26 Mar 2018
The Indian government’s controversial programme aimed at cracking down on black money has created hardship for some communities, a Singaporean government minister said.
Singaporean education minister Ong Ye Kung made reference to the demonitisation programmenin a speech on India’s changing financial landscape.
“A major and rather unorthodox step taken by the Indian government was the demonetisation of certain currency denominations,” he said, “While this has led to some hardship and disruption – particularly amongst the rural community where most transactions are cash-based – it has helped to accelerate the digitisation of financial services in India.”
Separately, he urged the two countries to strengthen banking and fintech ties.
The development of fintech has already ignited new frontiers for cooperation between both jurisdictions.
This includes Singapore’s key domestic payment system operators NETs working towards establishing a payment linkage with the National Payment Corporation of India.
In addition, Singapore is working with the state governments of Andhra Pradesh and Maharashtra to boost innovation cooperation and blockchain technologies, including cross border payments, he explained.
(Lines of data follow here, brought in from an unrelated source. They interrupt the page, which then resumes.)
lemma ncycles_dihedral_split:
  assumes "0 < n" "coprime r (int n)"
  shows "ncycles (dihedral n - {dih_one}) (aut n r t)
           = ncycles (U_set n) (aut n r 0) + ncycles (V_set n) (aut n r t)"
proof -
  interpret U: periodic_map "U_set n" "aut n r 0" "mord n r" using periodic_map_U[OF assms] .
  interpret V: periodic_map "V_set n" "aut n r t" "kappa n r t" using periodic_map_V[OF assms] .
  have U_orbits: "iter_orbit (aut n r t) x = iter_orbit (aut n r 0) x" if "x \<in> U_set n" for x
    using that by (auto simp: U_set_def iter_orbit_def funpow_aut_U)
  have "dihedral n - {dih_one} = U_set n \<union> V_set n"
    by (auto simp: dihedral_def dih_one_def U_set_def V_set_def)
  moreover have "ncycles (U_set n \<union> V_set n) (aut n r t)
      = ncycles (U_set n) (aut n r t) + ncycles (V_set n) (aut n r t)"
  proof (rule ncycles_Un[OF _ U.finite_S V.finite_S])
    show "U_set n \<inter> V_set n = {}" by (auto simp: U_set_def V_set_def)
    show "iter_orbit (aut n r t) x \<subseteq> U_set n" if "x \<in> U_set n" for x
      using U_orbits[OF that] U.iter_orbit_subset[OF that] by simp
  qed (rule V.iter_orbit_subset)
  moreover have "ncycles (U_set n) (aut n r t) = ncycles (U_set n) (aut n r 0)"
    using U_orbits by (rule ncycles_cong)
  ultimately show ?thesis by simp
qed

theorem theorem4p4:
  fixes n :: nat and r t' t :: int
  assumes "n > 1" and "squarefree n" and "coprime r (int n)"
    and "t = gcd t' (int n)"
  shows "ncycles (dihedral n - {dih_one}) (aut n r t')
           = ncycles (U_set n) (aut n r 0) + ncycles (V_set n) (aut n r t)
       \<and> real (ncycles (U_set n) (aut n r 0))
           = (\<Sum>d | d > 1 \<and> d dvd n. real (totient d) / real (mord d r))
       \<and> real (ncycles (V_set n) (aut n r t))
           = (\<Sum>(d, l) \<in> {(d, l). 0 < d \<and> 0 < l \<and> d dvd n
                  \<and> l dvd (mord n r div gcd (kappa d r t) (mord n r))
                  \<and> gcd (r ^ (l * kappa d r t) - 1) (int n) = int d}.
                real d / real (kappa n r t)
                * real (totient (mord n r div (l * gcd (kappa d r t) (mord n r)))))"
proof -
  have n: "0 < n" using assms(1) by simp
  have "ncycles (dihedral n - {dih_one}) (aut n r t')
      = ncycles (U_set n) (aut n r 0) + ncycles (V_set n) (aut n r t)"
    using ncycles_dihedral_split[OF n assms(3)] ncycles_V_gcd_right[OF n assms(2,3)] assms(4)
    by simp
  then show ?thesis using ncycles_U_eq[OF n assms(3)] ncycles_V_eq[OF n assms(2,3)] by simp
qed

end
text \<open>
  Write \<open>N(m)\<close> for the Newton-diagram coefficient of \<open>Q\<close> at \<open>m \<in> \<int>\<^sup>n\<close> and
  put \<open>T(m) = (-1)^{d-|m|} N(m)\<close>.  Comparing the coefficients of \<open>X_0^{d-|m|}X^m\<close> on both
  sides of \<open>P = S Q\<close> gives \<open>N(m) + \<Sum>\<^sub>i N(m - e\<^sub>i) = (-1)^{d-|m|} p\<^sub>m\<close> for \<open>m \<noteq> 0\<close>; since the
  coefficients of \<open>p\<close> are nonnegative this says \<open>\<Sum>\<^sub>i T(m - e\<^sub>i) \<le> T(m)\<close>, and \<open>T\<close> vanishes
  outside the simplex \<open>{m \<ge> 0, |m| < d}\<close>.

  The first part of the file shows, for an arbitrary such superadditive array \<open>T\<close> on a
  finite index set \<open>I = A \<union> B\<close>, that the image of its support under
  \<open>m \<mapsto> (\<Sum>\<^sub>A m, \<Sum>\<^sub>B m)\<close> has no overhang: at a left overhang \<open>(a, b)\<close>, \<open>T\<close> is \<open>\<ge> 0\<close> on the
  ray \<open>{\<Sum>\<^sub>A m = a, \<Sum>\<^sub>B m \<ge> b}\<close> (induction upwards from the hole below) and \<open>\<le> 0\<close> there
  (induction downwards from the boundary \<open>|m| = d\<close>), hence zero; right overhangs follow by
  swapping the roles of \<open>A\<close> and \<open>B\<close>.
\<close>

definition unit_vec :: "nat \<Rightarrow> nat \<Rightarrow> int" where
  "unit_vec i = (\<lambda>j. if j = i then 1 else 0)"

lemma sum_minus_unit_vec:
  "finite S \<Longrightarrow> (\<Sum>j\<in>S. m j - unit_vec i j) = (\<Sum>j\<in>S. m j) - (if i \<in> S then 1 else 0)"
  by (simp add: unit_vec_def sum_subtractf)

lemma sum_plus_unit_vec:
  "finite S \<Longrightarrow> (\<Sum>j\<in>S. m j + unit_vec i j) = (\<Sum>j\<in>S. m j) + (if i \<in> S then 1 else 0)"
  by (simp add: unit_vec_def sum.distrib)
Singaporean banks could also reach out to underserved communities in India, particularly through digital platforms.
“For example, in 2016, DBS launched Digibank, a mobile-only bank in India. Digibank has no physical branches and utilises a suite of biometrics and AI technologies to provide digital banking services to consumers.
“In less than two years, more than 1.5 million customers have signed up for Digibank, and the customer base is expected to grow to five million by 2021.”
Singapore, like other regulators, is seeking to establish a fintech-friendly regulatory environment to encourage innovation and growth in the sector.
This includes the creation of a regulatory sandbox to facilitate live experimentation of new ideas.
“These may be in the form of untested technology or unconventional business models,” he explained, “within the sandbox, some regulations are suspended for the FinTech firm, for a stipulated period.
“This is a useful time-out, for them to test their ideas in a contained environment, with access to a limited pool of actual customers.”